Before we get to today's poem, please be sure and visit Ramona at Pleasures from the Page to see how our Progressive Poem is progressing!

Today I'm continuing my Harlem Renaissance poetry project with another piece by artist John Archibald Motley, Jr -- who went by "Archibald Motley." He was popular in the early days of the Harlem Renaissance (1920's) and is called a "modernist." Many of his pieces feature lively music and dancing scenes. I've selected two of them to write on for this project. One of the things I learned about Motley is that her grew up in a white neighborhood in Chicago, and that often there is a sense of humor or irony in his paintings. The perspective he uses is that of observer or outsider-looking-in (which I think all of us can relate to at one time in our lives or another!). And he shows African American people with a wide variety of skin tones and physical characteristics, which helped bucked the stereotypes.

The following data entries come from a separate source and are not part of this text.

text \<open>P is an expression of C as a homogeneous polynomial of degree d in the
  brackets [i j], i < j < n (variable (i,j) stands for [i j]).\<close>
definition bracket_representation ::
    "nat \<Rightarrow> (nat \<times> nat) ipoly \<Rightarrow> (nat \<times> nat) ipoly \<Rightarrow> nat \<Rightarrow> bool" where
  "bracket_representation n C P d \<longleftrightarrow>
     pvars P \<subseteq> {(i,j). i < j \<and> j < n} \<and> homogeneous_of_degree P d \<and>
     (\<forall>Y. peval C Y = peval P (\<lambda>(i,j). bracket Y i j))"

definition omit_cols :: "'a mat \<Rightarrow> nat \<Rightarrow> nat \<Rightarrow> 'a mat" where
  "omit_cols M i j = submatrix M UNIV (- {i,j})"

definition rows_of :: "'a mat \<Rightarrow> nat \<Rightarrow> nat \<Rightarrow> 'a mat" where
  "rows_of M i j = submatrix M {i,j} UNIV"

definition admissible_signs :: "int mat \<Rightarrow> int mat \<Rightarrow> (nat \<Rightarrow> nat \<Rightarrow> int) \<Rightarrow> bool" where
  "admissible_signs A B eps \<longleftrightarrow>
     (\<forall>i j. i < j \<and> j < dim_col A \<longrightarrow> eps i j \<in> {1, -1}) \<and>
     (\<exists>c::rat. c \<noteq> 0 \<and> (\<forall>i j. i < j \<and> j < dim_col A \<longrightarrow>
        of_int (eps i j * det (omit_cols A i j)) = c * of_int (det (rows_of B i j))))"

definition primal_pluecker :: "(nat \<Rightarrow> nat \<Rightarrow> int) \<Rightarrow> complex mat \<Rightarrow> nat \<times> nat \<Rightarrow> complex" where
  "primal_pluecker eps Z = (\<lambda>(i,j). of_int (eps i j) * det (omit_cols Z i j))"
lemma padic_int_unitI:
  fixes z :: "'p::prime_card padic_int"
  assumes "\<not> int CARD('p) dvd padic_digits z 1"
  shows "\<exists>w. z * w = 1"
proof -
  let ?p = "int CARD('p)"
  note coprime = padic_digits_coprime[OF assms]
  define inv where "inv n = (SOME w. 0 \<le> w \<and> w < ?p ^ n \<and> [padic_digits z n * w = 1] (mod ?p ^ n))" for n
  have inv: "0 \<le> inv n \<and> inv n < ?p ^ n \<and> [padic_digits z n * inv n = 1] (mod ?p ^ n)" for n
  proof -
    obtain x where "[padic_digits z n * x = 1] (mod ?p ^ n)"
      using cong_solve_coprime_int[OF coprime] by blast
    then have "[padic_digits z n * (x mod ?p ^ n) = 1] (mod ?p ^ n)"
      by (simp add: cong_def mod_mult_right_eq)
    then have "\<exists>w. 0 \<le> w \<and> w < ?p ^ n \<and> [padic_digits z n * w = 1] (mod ?p ^ n)"
      using card_pos[where 'a='p] by (intro exI[of _ "x mod ?p ^ n"]) simp
    then show ?thesis
      unfolding inv_def by (rule someI_ex)
  qed
  have "inv \<in> padic_seqs ?p"
    unfolding padic_seqs_def
  proof (intro CollectI allI conjI)
    fix n
    show "0 \<le> inv n" "inv n < ?p ^ n"
      using inv by auto
    have "padic_digits z n = padic_digits z (Suc n) mod ?p ^ n"
      using padic_digits_mod[of n "Suc n" z] by simp
    then have "[padic_digits z n * (inv (Suc n) mod ?p ^ n) = padic_digits z (Suc n) * inv (Suc n)] (mod ?p ^ n)"
      by (simp add: cong_def mod_mult_eq)
    moreover have "[padic_digits z (Suc n) * inv (Suc n) = 1] (mod ?p ^ n)"
      using inv[of "Suc n"] by (auto intro: cong_dvd_modulus simp: le_imp_power_dvd)
    ultimately show "inv (Suc n) mod ?p ^ n = inv n"
      using inv[of n] card_pos[where 'a='p] coprime[of n]
      by (intro inverse_mod_unique[of "padic_digits z n" "?p ^ n"]) (auto intro: cong_trans)
  qed
  then have digits: "padic_digits (Abs_padic_int inv :: 'p padic_int) = inv"
    by (rule Abs_padic_int_inverse)
  have "z * Abs_padic_int inv = 1"
    by (rule padic_int_eqI) (use inv in \<open>simp add: padic_digits_mult padic_digits_one digits cong_def\<close>)
  then show ?thesis ..
qed

lemma padic_int_valuation:
  fixes z :: "'p::prime_card padic_int"
  assumes "z \<noteq> 0"
  obtains v where "padic_digits z v = 0" "padic_digits z (Suc v) \<noteq> 0"
proof -
  obtain n where "padic_digits z n \<noteq> 0"
    using assms padic_int_eqI[of z 0] by (auto simp: padic_digits_zero)
  then have ex: "\<exists>v. padic_digits z (Suc v) \<noteq> 0"
    by (cases n) auto
  define v where "v = (LEAST v. padic_digits z (Suc v) \<noteq> 0)"
  have "padic_digits z v = 0"
  proof (cases v)
    case (Suc k)
    then show ?thesis
      using not_less_Least[of k "\<lambda>v. padic_digits z (Suc v) \<noteq> 0"] by (simp add: v_def)
  qed simp
  moreover have "padic_digits z (Suc v) \<noteq> 0"
    unfolding v_def by (rule LeastI_ex[OF ex])
  ultimately show ?thesis
    using that by blast
qed

lemma padic_int_eq_prime_power_mult_unit:
  fixes z :: "'p::prime_card padic_int"
  assumes "z \<noteq> 0"
  shows "\<exists>v w w'. z = of_nat CARD('p) ^ v * w \<and> w * w' = 1"
proof -
  let ?p = "int CARD('p)"
  obtain v where "padic_digits z v = 0" and z_Suc: "padic_digits z (Suc v) \<noteq> 0"
    using padic_int_valuation[OF assms] by blast
  then obtain w where w: "z = of_nat CARD('p) ^ v * w"
    using padic_digits_eq_0_imp_multiple by blast
  have "\<not> ?p dvd padic_digits w 1"
  proof
    assume "?p dvd padic_digits w 1"
    moreover have "padic_digits w (Suc v) mod ?p = padic_digits w 1"
      using padic_digits_mod[of 1 "Suc v" w] by simp
    ultimately have "?p dvd padic_digits w (Suc v)"
      by (metis dvd_mod_iff dvd_refl)
    then have "?p ^ Suc v dvd ?p ^ v * padic_digits w (Suc v)"
      by simp
    then have "padic_digits z (Suc v) = 0"
      unfolding w by (simp add: padic_digits_mult padic_digits_prime_power mod_mult_left_eq dvd_eq_mod_eq_0)
    then show False
      using z_Suc by simp
  qed
  then show ?thesis
    using w padic_int_unitI by blast
qed

section \<open>Balls in Q_p\<close>

abbreviation padic_prime :: "'p::prime_card padic" where
  "padic_prime \<equiv> of_nat CARD('p)"

lemma padic_integer_add [simp]: "padic_integer (a + b) = padic_integer a + padic_integer b"
  by (simp add: padic_integer_def)

lemma padic_integer_mult [simp]: "padic_integer (a * b) = padic_integer a * padic_integer b"
  by (simp add: padic_integer_def)

lemma padic_integer_diff [simp]: "padic_integer (a - b) = padic_integer a - padic_integer b"
  by (simp add: padic_integer_def)

lemma padic_integer_uminus [simp]: "padic_integer (- a) = - padic_integer a"
  by (simp add: padic_integer_def)

lemma padic_integer_of_nat [simp]: "padic_integer (of_nat k) = of_nat k"
  by (simp add: padic_integer_def of_nat_fract)

lemma padic_integer_of_int [simp]: "padic_integer (of_int k) = of_int k"
  by (cases k rule: int_cases2) simp_all

lemma padic_integer_one [simp]: "padic_integer 1 = 1"
  using padic_integer_of_nat[of 1] by simp

lemma padic_integer_power [simp]: "padic_integer (a ^ n) = padic_integer a ^ n"
  by (induction n) simp_all

lemma padic_ball_iff: "x \<in> padic_ball a n \<longleftrightarrow> x - a \<in> padic_ball 0 n"
  by (simp add: padic_ball_def)

lemma padic_ball_0_iff: "x \<in> padic_ball 0 n \<longleftrightarrow> (\<exists>z. x = padic_prime ^ n * padic_integer z)"
  by (simp add: padic_ball_def)

lemma padic_ball_0_add:
  assumes "x \<in> padic_ball 0 n" "y \<in> padic_ball 0 n"
  shows "x + y \<in> padic_ball 0 n"
proof -
  obtain a b where "x = padic_prime ^ n * padic_integer a" "y = padic_prime ^ n * padic_integer b"
    using assms unfolding padic_ball_0_iff by blast
  then show ?thesis
    unfolding padic_ball_0_iff by (intro exI[of _ "a + b"]) (simp add: distrib_left)
qed

lemma padic_ball_0_diff:
  assumes "x \<in> padic_ball 0 n" "y \<in> padic_ball 0 n"
  shows "x - y \<in> padic_ball 0 n"
proof -
  obtain a b where "x = padic_prime ^ n * padic_integer a" "y = padic_prime ^ n * padic_integer b"
    using assms unfolding padic_ball_0_iff by blast
  then show ?thesis
    unfolding padic_ball_0_iff by (intro exI[of _ "a - b"]) (simp add: right_diff_distrib)
qed

lemma padic_ball_0_mult:
  assumes "x \<in> padic_ball 0 m" "y \<in> padic_ball 0 n"
  shows "x * y \<in> padic_ball 0 (m + n)"
proof -
  obtain a b where "x = padic_prime ^ m * padic_integer a" "y = padic_prime ^ n * padic_integer b"
    using assms unfolding padic_ball_0_iff by blast
  then show ?thesis
    unfolding padic_ball_0_iff by (intro exI[of _ "a * b"]) (simp add: power_add mult_ac)
qed

lemma zero_in_padic_ball_0: "0 \<in> padic_ball 0 n"
  unfolding padic_ball_0_iff by (intro exI[of _ 0]) (simp add: padic_integer_def fract_collapse)

lemma padic_integer_in_padic_ball_0: "padic_integer z \<in> padic_ball 0 0"
  unfolding padic_ball_0_iff by auto

lemma one_in_padic_ball_0: "1 \<in> padic_ball 0 0"
  using padic_integer_in_padic_ball_0[of 1] by simp

lemma padic_prime_power_in_padic_ball_0: "padic_prime ^ n \<in> padic_ball 0 n"
  unfolding padic_ball_0_iff by (metis mult.right_neutral padic_integer_one)
lemma polar_pair_measure:
  fixes \<alpha> \<beta> :: "(real^'n) measure"
  assumes sa: "sets \<alpha> = sets borel" and sb: "sets \<beta> = sets borel"
    and fa: "finite_measure \<alpha>" and fb: "finite_measure \<beta>"
    and ia: "rotation_invariant \<alpha>" and ib: "rotation_invariant \<beta>"
    and za: "emeasure \<alpha> {0} = 0" and zb: "emeasure \<beta> {0} = 0"
  shows "distr \<alpha> borel norm \<Otimes>\<^sub>M distr \<beta> borel sgn
           = distr (density \<alpha> (\<lambda>_. emeasure \<beta> UNIV)) borel (\<lambda>x. (norm x, sgn x))"
proof (rule pair_measure_eqI)
  have norm_a: "norm \<in> measurable \<alpha> borel" and sgn_b: "sgn \<in> measurable \<beta> borel"
    unfolding measurable_cong_sets[OF sa refl] measurable_cong_sets[OF sb refl] by simp_all
  have polar_a: "(\<lambda>x. (norm x, sgn x)) \<in> measurable \<alpha> borel"
    unfolding measurable_cong_sets[OF sa refl] by measurable
  have spa: "space \<alpha> = UNIV" and spb: "space \<beta> = UNIV"
    using sets_eq_imp_space_eq[OF sa] sets_eq_imp_space_eq[OF sb] by simp_all
  show "sigma_finite_measure (distr \<alpha> borel norm)" "sigma_finite_measure (distr \<beta> borel sgn)"
    using finite_measure.finite_measure_distr[OF fa norm_a] finite_measure.finite_measure_distr[OF fb sgn_b]
    by (simp_all add: finite_measure.axioms(1))
  show "sets (distr \<alpha> borel norm \<Otimes>\<^sub>M distr \<beta> borel sgn)
      = sets (distr (density \<alpha> (\<lambda>_. emeasure \<beta> UNIV)) borel (\<lambda>x. (norm x, sgn x)))"
    unfolding sets_distr sets_pair_measure_cong[OF sets_distr sets_distr] borel_prod ..
  fix A V
  assume A: "A \<in> sets (distr \<alpha> borel norm)" and V: "V \<in> sets (distr \<beta> borel sgn)"
  have "(\<lambda>x. (norm x, sgn x)) -` (A \<times> V) = norm -` A \<inter> sgn -` V"
    by auto
  moreover have "A \<times> V \<in> sets (borel :: (real \<times> (real^'n)) measure)"
    using A V by (simp flip: borel_prod)
  moreover have "norm -` A \<inter> sgn -` V \<in> sets \<alpha>"
    using A V norm_a sgn_b measurable_sets[OF norm_a] measurable_sets[OF sgn_b] by (auto simp: spa spb sa sb)
  ultimately have "emeasure (distr (density \<alpha> (\<lambda>_. emeasure \<beta> UNIV)) borel (\<lambda>x. (norm x, sgn x))) (A \<times> V)
      = emeasure \<beta> UNIV * emeasure \<alpha> (norm -` A \<inter> sgn -` V)"
    using polar_a by (simp add: emeasure_distr spa emeasure_density_const)
  also have "\<dots> = emeasure \<alpha> (norm -` A) * emeasure \<beta> (sgn -` V)"
    using A V by (intro radial_direction_factorization[OF sa sb fa fb ia ib za zb]) simp_all
  also have "\<dots> = emeasure (distr \<alpha> borel norm) A * emeasure (distr \<beta> borel sgn) V"
    using A V norm_a sgn_b by (simp add: emeasure_distr spa spb)
  finally show "emeasure (distr \<alpha> borel norm) A * emeasure (distr \<beta> borel sgn) V
      = emeasure (distr (density \<alpha> (\<lambda>_. emeasure \<beta> UNIV)) borel (\<lambda>x. (norm x, sgn x))) (A \<times> V)"
    by simp
qed
lemma exp_minus_one_le_half_one_plus_sq:
  fixes x :: real
  assumes "x \<le> 1"
  shows "exp (x - 1) \<le> (1 + x\<^sup>2) / 2"
proof -
  define h where "h t = (1 - t + t\<^sup>2 / 2) - exp (- t)" for t :: real
  have "h 0 \<le> h (1 - x)"
  proof (rule DERIV_nonneg_imp_nondecreasing[of 0 "1 - x" h])
    show "0 \<le> 1 - x" using assms by simp
    fix t :: real
    have "DERIV h t :> exp (- t) - (1 - t)"
      unfolding h_def by (auto intro!: derivative_eq_intros simp: power2_eq_square)
    moreover have "0 \<le> exp (- t) - (1 - t)" using exp_ge_add_one_self[of "- t"] by simp
    ultimately show "\<exists>y. DERIV h t :> y \<and> 0 \<le> y" by blast
  qed
  then show ?thesis unfolding h_def by (simp add: power2_eq_square field_simps)
qed

lemma exp_Re_le_e_mult_cos_Im:
  fixes w :: complex
  assumes "norm w = 1"
  shows "exp (Re w) \<le> exp 1 * cos (Im w)"
proof -
  have "(Re w)\<^sup>2 + (Im w)\<^sup>2 = 1" using assms by (metis cmod_power2 one_power2)
  moreover have "Re w \<le> 1" using complex_Re_le_cmod[of w] assms by simp
  ultimately have "exp (Re w - 1) \<le> cos (Im w)"
    using exp_minus_one_le_half_one_plus_sq cos_ge_one_minus_sq_half[of "Im w"] by fastforce
  then show ?thesis by (simp add: exp_diff field_simps)
qed

lemma Re_inverse_exp_on_circle_ge:
  fixes w :: complex and \<alpha> \<beta> :: real
  assumes w: "norm w = 1" and \<alpha>: "\<alpha> \<ge> 0" and \<beta>: "\<beta> > 0"
  shows "1 / (\<beta> * exp 1 + \<alpha>) \<le> Re (inverse (of_real \<beta> * exp w + of_real \<alpha>))"
proof -
  define E C S where "E = exp (Re w)" and "C = cos (Im w)" and "S = sin (Im w)"
  define K where "K = \<beta> * exp 1 + \<alpha>"
  define c where "c = of_real \<beta> * exp w + of_real \<alpha>"
  have Rec: "Re c = \<beta> * E * C + \<alpha>" and Imc: "Im c = \<beta> * E * S"
    unfolding c_def E_def C_def S_def by (simp_all add: Re_exp Im_exp)
  have EC: "E \<le> exp 1 * C" unfolding E_def C_def by (rule exp_Re_le_e_mult_cos_Im[OF w])
  have E: "0 < E" "E \<le> exp 1" using complex_Re_le_cmod[of w] w unfolding E_def by simp_all
  have C: "0 < C" "C \<le> 1"
    using EC E(1) unfolding C_def by (auto simp: zero_less_mult_iff dest: order.strict_trans2)
  have "(norm c)\<^sup>2 = \<beta>\<^sup>2 * E\<^sup>2 * (C\<^sup>2 + S\<^sup>2) + 2 * \<alpha> * \<beta> * E * C + \<alpha>\<^sup>2"
    unfolding cmod_power2 Rec Imc by (simp add: power2_eq_square algebra_simps)
  also have "C\<^sup>2 + S\<^sup>2 = 1" unfolding C_def S_def by simp
  finally have "K * Re c - (norm c)\<^sup>2 = \<beta>\<^sup>2 * E * (exp 1 * C - E) + \<alpha> * \<beta> * (exp 1 - E * C)"
    unfolding K_def Rec by (simp add: power2_eq_square algebra_simps)
  moreover have "0 \<le> \<beta>\<^sup>2 * E * (exp 1 * C - E)" using EC E by simp
  moreover have "E * C \<le> exp 1" using mult_left_le[OF C(2), of E] E by linarith
  then have "0 \<le> \<alpha> * \<beta> * (exp 1 - E * C)" using \<alpha> \<beta> by simp
  ultimately have "(norm c)\<^sup>2 \<le> K * Re c" by linarith
  moreover have "0 < Re c" "0 < K" unfolding Rec K_def using \<alpha> \<beta> E C by (simp_all add: add_pos_nonneg)
  moreover from \<open>0 < Re c\<close> have "0 < (norm c)\<^sup>2" by auto
  ultimately have "1 / K \<le> Re c / (norm c)\<^sup>2" by (simp add: field_simps)
  also have "Re c / (norm c)\<^sup>2 = Re (inverse c)" by (simp add: Re_inverse cmod_power2)
  finally show ?thesis unfolding K_def c_def .
qed

lemma exp_cos_diff_mult_cos_le_on_period:
  fixes \<theta> \<phi> :: real
  assumes "\<theta> \<le> \<phi>" "\<phi> \<le> \<theta> + 2 * pi"
  shows "exp (cos \<phi> - cos \<theta>) * cos (sin \<phi> - sin \<theta> - \<theta>) \<le> cos \<theta>"
proof -
  define g where "g t = exp (cos t - cos \<theta>) * cos (sin t - sin \<theta> - \<theta>)" for t :: real
  define k where "k t = t + sin t" for t :: real
  have dg: "DERIV g t :> - exp (cos t - cos \<theta>) * sin (k t - k \<theta>)" for t
  proof -
    have k_diff: "k t - k \<theta> = t + (sin t - sin \<theta> - \<theta>)" unfolding k_def by simp
    show ?thesis unfolding g_def k_diff sin_add
      by (auto intro!: derivative_eq_intros simp: algebra_simps)
  qed
  have k_mono: "k a \<le> k b" if "a \<le> b" for a b
  proof (rule DERIV_nonneg_imp_nondecreasing[of a b k])
    show "a \<le> b" by fact
    fix t
    have "DERIV k t :> 1 + cos t" unfolding k_def by (auto intro!: derivative_eq_intros)
    moreover have "0 \<le> 1 + cos t" using cos_ge_minus_one[of t] by linarith
    ultimately show "\<exists>y. DERIV k t :> y \<and> 0 \<le> y" by blast
  qed
  \<comment> \<open>g decreases until k has advanced by pi from k \<theta> and increases afterwards, returning to
    g \<theta> = cos \<theta> at \<theta> + 2 pi.\<close>
  show ?thesis
  proof (cases "k \<phi> - k \<theta> \<le> pi")
    case True
    have "g \<phi> \<le> g \<theta>"
    proof (rule DERIV_nonpos_imp_nonincreasing[of \<theta> \<phi> g])
      show "\<theta> \<le> \<phi>" by fact
      fix t assume t: "\<theta> \<le> t" "t \<le> \<phi>"
      have "0 \<le> k t - k \<theta>" "k t - k \<theta> \<le> pi" using k_mono[OF t(1)] k_mono[OF t(2)] True by auto
      then have "0 \<le> sin (k t - k \<theta>)" by (simp add: sin_ge_zero)
      then have "- exp (cos t - cos \<theta>) * sin (k t - k \<theta>) \<le> 0" by simp
      with dg show "\<exists>y. DERIV g t :> y \<and> y \<le> 0" by blast
    qed
    then show ?thesis unfolding g_def by simp
  next
    case False
    have "g \<phi> \<le> g (\<theta> + 2 * pi)"
    proof (rule DERIV_nonneg_imp_nondecreasing[of \<phi> "\<theta> + 2 * pi" g])
      show "\<phi> \<le> \<theta> + 2 * pi" by fact
      fix t assume t: "\<phi> \<le> t" "t \<le> \<theta> + 2 * pi"
      have "k (\<theta> + 2 * pi) = k \<theta> + 2 * pi" unfolding k_def by simp
      then have "pi \<le> k t - k \<theta>" "k t - k \<theta> \<le> 2 * pi"
        using k_mono[OF t(1)] k_mono[OF t(2)] False by auto
      then have "0 \<le> sin (k t - k \<theta> - pi)" by (intro sin_ge_zero) auto
      then have "sin (k t - k \<theta>) \<le> 0" by (simp add: sin_diff)
      then have "0 \<le> - exp (cos t - cos \<theta>) * sin (k t - k \<theta>)" by (simp add: mult_nonneg_nonpos)
      with dg show "\<exists>y. DERIV g t :> y \<and> 0 \<le> y" by blast
    qed
    then show ?thesis unfolding g_def by simp
  qed
qed

lemma exp_cos_diff_mult_cos_le:
  fixes \<theta> \<phi> :: real
  shows "exp (cos \<phi> - cos \<theta>) * cos (sin \<phi> - sin \<theta> - \<theta>) \<le> cos \<theta>"
proof -
  define n where "n = \<lfloor>(\<phi> - \<theta>) / (2 * pi)\<rfloor>"
  define \<psi> where "\<psi> = \<phi> - 2 * pi * of_int n"
  have "of_int n \<le> (\<phi> - \<theta>) / (2 * pi)" "(\<phi> - \<theta>) / (2 * pi) < of_int n + 1"
    unfolding n_def by linarith+
  then have "\<theta> \<le> \<psi>" "\<psi> \<le> \<theta> + 2 * pi" unfolding \<psi>_def by (simp_all add: field_simps)
  moreover have "cos \<psi> = cos \<phi>" "sin \<psi> = sin \<phi>" unfolding \<psi>_def by (simp_all add: cos_diff sin_diff)
  ultimately show ?thesis using exp_cos_diff_mult_cos_le_on_period[of \<theta> \<psi>] by simp
qed

text \<open>The half-plane bounded by the tangent line to exp(D) at its boundary point exp a, whose
  outward normal is a * exp a, contains exp(D): this is the convexity of exp(D).\<close>
lemma Re_cnj_mult_exp_diff_le:
  fixes a u :: complex
  assumes a: "norm a = 1" and u: "norm u < 1"
  shows "Re (cnj a * exp (u - a)) \<le> Re (cnj a)"
proof -
  define f where "f z = exp (cnj a * exp (z - a))" for z
  have "norm (f u) \<le> exp (Re (cnj a))"
  proof (rule maximum_modulus_frontier[where S = "ball 0 1" and f = f])
    show "f holomorphic_on interior (ball 0 1)" unfolding f_def by (intro holomorphic_intros)
    show "continuous_on (closure (ball 0 1)) f" unfolding f_def by (intro continuous_intros)
    fix z :: complex assume "z \<in> frontier (ball 0 1)"
    then have z: "norm z = 1" by simp
    define \<theta> \<phi> where "\<theta> = Arg a" and "\<phi> = Arg z"
    have ae: "a = exp (\<i> * of_real \<theta>)" using Arg_eq[of a] a unfolding \<theta>_def by force
    have ze: "z = exp (\<i> * of_real \<phi>)" using Arg_eq[of z] z unfolding \<phi>_def by force
    have "Re (cnj a * exp (z - a)) = exp (cos \<phi> - cos \<theta>) * cos (sin \<phi> - sin \<theta> - \<theta>)"
      unfolding ae ze cos_diff[of "sin \<phi> - sin \<theta>" \<theta>] by (simp add: Re_exp Im_exp algebra_simps)
    also have "\<dots> \<le> cos \<theta>" by (rule exp_cos_diff_mult_cos_le)
    also have "cos \<theta> = Re (cnj a)" unfolding ae by (simp add: Re_exp)
    finally show "norm (f z) \<le> exp (Re (cnj a))" unfolding f_def by simp
  qed (use u in auto)
  then show ?thesis unfolding f_def by simp
qed

lemma cnj_mult_self_of_norm_1: "norm z = 1 \<Longrightarrow> cnj z * z = 1"
  using complex_norm_square[of z] by (simp add: mult.commute)

lemma Re_mult_compose_has_real_derivative:
  fixes \<gamma> :: "real \<Rightarrow> complex" and g :: "complex \<Rightarrow> complex"
  assumes "(\<gamma> has_vector_derivative \<gamma>') (at t)" and "(g has_field_derivative g') (at (\<gamma> t))"
  shows "((\<lambda>s. Re (c * g (\<gamma> s))) has_real_derivative Re (c * (\<gamma>' * g'))) (at t)"
proof -
  have "((g \<circ> \<gamma>) has_vector_derivative \<gamma>' * g') (at t)"
    by (rule field_vector_diff_chain_at[OF assms])
  then have "((\<lambda>s. c * (g \<circ> \<gamma>) s) has_vector_derivative c * (\<gamma>' * g')) (at t)"
    by (rule has_vector_derivative_mult_right)
  then have "((\<lambda>s. Re (c * (g \<circ> \<gamma>) s)) has_real_derivative Re (c * (\<gamma>' * g'))) (at t)"
    by (rule has_field_derivative_Re)
  then show ?thesis by (simp add: o_def)
qed

lemma Schwarz_Lemma_ball:
  fixes f :: "complex \<Rightarrow> complex"
  assumes holf: "f holomorphic_on ball 0 r" and f0: "f 0 = 0"
    and bounded: "\<And>z. norm z < r \<Longrightarrow> norm (f z) < 1" and \<xi>: "norm \<xi> < r"
  shows "norm (f \<xi>) \<le> norm \<xi> / r"
proof -
  have r: "0 < r" using \<xi> norm_ge_zero[of \<xi>] by linarith
  define h where "h \<zeta> = f (of_real r * \<zeta>)" for \<zeta>
  have "of_real r * \<zeta> \<in> ball 0 r" if "\<zeta> \<in> ball 0 1" for \<zeta> :: complex
  proof -
    have "r * norm \<zeta> < r * 1" using r that by (intro mult_strict_left_mono) auto
    then show ?thesis using r by (simp add: norm_mult)
  qed
  then have "(\<lambda>\<zeta>::complex. of_real r * \<zeta>) ` ball 0 1 \<subseteq> ball 0 r" by blast
  then have "h holomorphic_on ball 0 1" unfolding h_def
    by (intro holomorphic_on_compose_gen[OF _ holf, unfolded o_def]) (auto intro: holomorphic_intros)
  moreover have "h 0 = 0" unfolding h_def using f0 by simp
  moreover have "norm (h \<zeta>) < 1" if "norm \<zeta> < 1" for \<zeta>
    unfolding h_def using that r by (intro bounded) (simp add: norm_mult)
  moreover have "norm (\<xi> / of_real r) < 1" using \<xi> r by (simp add: norm_divide)
  ultimately have "norm (h (\<xi> / of_real r)) \<le> norm (\<xi> / of_real r)"
    by (rule Schwarz_Lemma(1))
  then show ?thesis unfolding h_def using r by (simp add: norm_divide)
qed

lemma Jack_radial:
  fixes g :: "complex \<Rightarrow> complex"
  assumes dg: "(g has_field_derivative g') (at z0)" and z0: "z0 \<noteq> 0" and gz0: "norm (g z0) = 1"
    and Schwarz: "\<And>z. norm z < norm z0 \<Longrightarrow> norm (g z) \<le> norm z / norm z0"
  shows "1 \<le> Re (cnj (g z0) * (z0 * g'))"
proof (rule ccontr)
  assume "\<not> 1 \<le> Re (cnj (g z0) * (z0 * g'))"
  define f where "f t = Re (cnj (g z0) * g (of_real t * z0)) - t" for t :: real
  have "((\<lambda>t::real. of_real t * z0) has_vector_derivative z0) (at 1)"
    by (auto intro!: derivative_eq_intros)
  then have "DERIV f 1 :> Re (cnj (g z0) * (z0 * g')) - 1"
    unfolding f_def using dg by (intro DERIV_diff Re_mult_compose_has_real_derivative) auto
  with \<open>\<not> 1 \<le> _\<close> obtain d where d: "0 < d" "\<And>h. 0 < h \<Longrightarrow> h < d \<Longrightarrow> f 1 < f (1 - h)"
    using DERIV_neg_dec_left by (metis diff_less_0_iff_less not_le)
  define h where "h = min (d / 2) (1 / 2)"
  have h: "0 < h" "h < d" "h < 1" unfolding h_def using d by auto
  have "f 1 = 0" unfolding f_def using gz0 by (simp add: cnj_mult_self_of_norm_1)
  moreover have "f (1 - h) \<le> 0"
  proof -
    define z where "z = of_real (1 - h) * z0"
    have norm_z: "norm z = (1 - h) * norm z0" unfolding z_def norm_mult norm_of_real using h by simp
    then have "norm z < norm z0" using h z0 by simp
    have "Re (cnj (g z0) * g z) \<le> norm (g z)"
      using complex_Re_le_cmod[of "cnj (g z0) * g z"] gz0 by (simp add: norm_mult)
    also have "\<dots> \<le> 1 - h" using Schwarz[OF \<open>norm z < norm z0\<close>] z0 by (simp add: norm_z)
    finally show ?thesis unfolding f_def z_def by simp
  qed
  ultimately show False using d h by force
qed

Here are the poems in the series so far:

"Barbeque" after Barbecue by Archibald Motley
"American Idyll, 1934" after An Idyll of the Deep South by Aaron Douglas
"The Toiler" after The Toiler by Aaron Douglas
"Let There Be Poetry" after The Creation by Aaron Douglas
"Boy with Plane" after Boy with Plane by Aaron Douglas
"To a Dancer" after Sahdji (Tribal Women) by Aaron Douglas
"For the Builders" after Building More Stately Mansions by Aaron Douglas
"This Poem is a Dream" after Aspiration by Aaron Douglas


Today's piece is called "Octoroon Girl," and it's a portrait of a woman who is 1/8th white. Apparently that was the language of the day, along with "mulatto." These days we might say "mixed race" or "biracial." Oh we humans and our need to name things... here is my poem.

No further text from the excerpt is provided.